I am finding my logos is a little bit slow. Most programs run lightning fast on my computer but logos will take Luke 10 seconds to pull anything up at least. Just not as smooth as I'm used to. Any suggestions to speed up??

I've got 8 GB of ram, the program is installed on my SSD, and I've got a 3.5 ghz quad core processor. Any little settings within logos (maybe having less unnecessary things searched), or any other things I can do?


----------



## Ask Mr. Religion

Runs relatively spiffy on my Lenovo Yoga 2 laptop, so I am surprised you are having issues on that 3GHz flamethrower of yours. Was Logos indexing content? You might sign up and post a question here:
https://community.logos.com/forums/


----------



## psycheives

Congrats on your purchase, Zach!  Very exciting. Odd it would run slow on that computer. I've had it on like probably 5 different computers and it never ran slow, even on the oldest which was much slower laptop (little ram and no quad core) than yours. When you first download it, it will tell you that it needs to load all the books into your library and will be "indexing" for 4+ hours. While it is doing this, you will see a Logos icon on the bottom taskbar next to your date/time. Once it finishes this long start-up process, it should be smooth sailing. I set mine to download overnight and all was good the next morning.


----------



## Reformed Roman

Maybe my expectations are different. Typically when I search something on most programs it instantly comes up. Logos might take 5 to 10 seconds, and have the circular thing on the mouse while loading. Compared to other general programs it seems a little slow. But not so slow that it's a pain to work with or anything. I just think there are probably ways to make it smoother. I believe my indexing was over. I'll give it another go tonight


----------



## DMcFadden

Logos is perfect for high end research, particularly if you have a large library of unlocks. But, as you add resources, it gets unwieldy and sloooooow. My machine is an i5 (decent speed), but it runs like molasses when you have nearly 8,000 unlocks. For sermon prep, I tend to use my Wordsearch program because the screen layout seems more intuitive and the switching between resources is pretty swift for sermon prep purposes. You should do the Camp Logos or follow the tutorials on the Net. I might still profit from a Camp Logos to maximize my use of L6. But, at my modest level of expertise, it frustrates me as much as it helps.


----------



## Ask Mr. Religion

Number of open panes may help. With Logos I have a two window pane setup. Bible on left, everything else on the right, similarly so for Wordsearch and Swordsearcher. I generally start with the latter program for quick reviews and searches as it is very, very fast, albeit restricted to TR and MT manuscript tradition translations. Swordsearcher's search capabilities exceed all other tools I have found, especially given the large number of user created add-ins for searching. Hence, I often use SS for searches and then revert to the other programs for deeper dives.

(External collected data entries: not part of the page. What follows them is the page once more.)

(* For every $n\ge1$, the Möbius function of the priority lattice $\Pi(n)$ satisfies $\mu(\hat0,\hat1)=0$.
   Context: $[n]_0=\{0,\dots,n\}$. A priority forest on $[n]_0$ is a rooted forest with vertex set $[n]_0$ whose component trees $T_0,T_1,\dots$ are increasing (each non-root vertex has a larger label than its parent) and satisfy: for $j<k$ every label of $T_j$ is smaller than every label of $T_k$. The priority lattice $\Pi(n)$ is the set of priority forests on $[n]_0$ ordered by inclusion of edge sets, together with an extra element $\hat1$ declared greater than every priority forest; $\hat0$ is the edgeless forest. *)

theory Defs
  imports Main
begin

text \<open>A rooted forest on the vertex set [n]_0 = {0..n} is encoded by its set of
  directed edges (parent, child).\<close>

definition vertices :: "nat \<Rightarrow> nat set" where
  "vertices n = {0..n}"

definition comp :: "nat \<Rightarrow> (nat \<times> nat) set \<Rightarrow> nat \<Rightarrow> nat set" where
  "comp n F x = {y \<in> vertices n. (x, y) \<in> (F \<union> F\<inverse>)\<^sup>*}"

definition priority_forest :: "nat \<Rightarrow> (nat \<times> nat) set \<Rightarrow> bool" where
  "priority_forest n F \<longleftrightarrow>
     F \<subseteq> vertices n \<times> vertices n \<and>
     (\<forall>(p, c) \<in> F. p < c) \<and>
     (\<forall>p p' c. (p, c) \<in> F \<and> (p', c) \<in> F \<longrightarrow> p = p') \<and>
     (\<forall>x \<in> vertices n. \<forall>y \<in> vertices n. comp n F x \<noteq> comp n F y \<longrightarrow>
        (\<forall>a \<in> comp n F x. \<forall>b \<in> comp n F y. a < b) \<or>
        (\<forall>a \<in> comp n F x. \<forall>b \<in> comp n F y. b < a))"

definition priority_lattice :: "nat \<Rightarrow> (nat \<times> nat) set option set" where
  "priority_lattice n = Some ` {F. priority_forest n F} \<union> {None}"

definition priority_le :: "(nat \<times> nat) set option \<Rightarrow> (nat \<times> nat) set option \<Rightarrow> bool" where
  "priority_le x y \<longleftrightarrow> y = None \<or> (\<exists>A B. x = Some A \<and> y = Some B \<and> A \<subseteq> B)"

definition mobius :: "'a set \<Rightarrow> ('a \<Rightarrow> 'a \<Rightarrow> bool) \<Rightarrow> 'a \<Rightarrow> 'a \<Rightarrow> int" where
  "mobius P le = (THE m.
     (\<forall>x \<in> P. \<forall>y \<in> P. m x y =
        (if x = y then 1
         else if le x y then - (\<Sum>z \<in> {z \<in> P. le x z \<and> le z y \<and> z \<noteq> y}. m x z)
         else 0)) \<and>
     (\<forall>x y. x \<notin> P \<or> y \<notin> P \<longrightarrow> m x y = 0))"

end

theory Submission
  imports Defs
begin

text \<open>
  Let I be the set of forests contained in the path 0 - 1 - ... - n. For a priority
  forest F, the forest F \<inter> path is the largest element of I below F, and it is nonempty
  whenever F is: the trees of F occupy intervals, so the least vertex a of a nontrivial
  tree has a+1 in the same tree, and the parent of a+1 can only be a. The top element
  has the whole path as largest element of I below it. So for every y outside I the
  half-open interval [0, y) is the closed interval [0, h], h the largest element of I
  below y, whose Moebius sum vanishes since h is not 0, together with elements outside
  I; hence mu(0, y) = 0 by induction on y.
\<close>

function mobius_ranked ::
    "('a \<Rightarrow> nat) \<Rightarrow> 'a set \<Rightarrow> ('a \<Rightarrow> 'a \<Rightarrow> bool) \<Rightarrow> 'a \<Rightarrow> 'a \<Rightarrow> int" where
  "mobius_ranked r P le x y =
     (if x \<in> P \<and> y \<in> P then
        if x = y then 1
        else if le x y then
          - (\<Sum>z \<in> {z \<in> P. le x z \<and> le z y \<and> z \<noteq> y \<and> r z < r y}. mobius_ranked r P le x z)
        else 0
      else 0)"
  by auto
termination by (relation "measure (\<lambda>(r, P, le, x, y). r y)") auto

Have come to rely upon Wordsearch's _Zipscript utility _for quick verse lookups and pasting without having to open the program, too.

Logos makes all content available via www.biblia.com, but with limited tool searches. Wordsearch is also available via https://www.mywsb.com/. So one can read content without launching the two programs on any browser.

Add Logos' blog to your newsfeeder and you can gain much insight into tips and tricks.


----------



## Pilgrim

DMcFadden said:


> Logos is perfect for high end research, particularly if you have a large library of unlocks. But, as you add resources, it gets unwieldy and sloooooow. My machine is an i5 (decent speed), but it runs like molasses when you have nearly 8,000 unlocks. For sermon prep, I tend to use my Wordsearch program because the screen layout seems more intuitive and the switching between resources is pretty swift for sermon prep purposes. You should do the Camp Logos or follow the tutorials on the Net. I might still profit from a Camp Logos to maximize my use of L6. But, at my modest level of expertise, it frustrates me as much as it helps.



That slowness has definitely been a consideration for me, and I don't even have one of their packages. Most of my books are from old Libronix packages. I don't want to have to upgrade computers twice as often in the future so that I can run this resource hungry program without having to wait 15 minutes for it to update and stop freezing up. 

Hopefully they will improve their Biblia cloud site which is currently in beta. The last time I checked the only option for Bible text was red letter which is amazing to me. Just about any other free site gives you the option to switch it to black. I think there are some other issues too but I can't remember what they are. But logging on to that site or using the mobile app are good options if you're wanting to access something quickly.


----------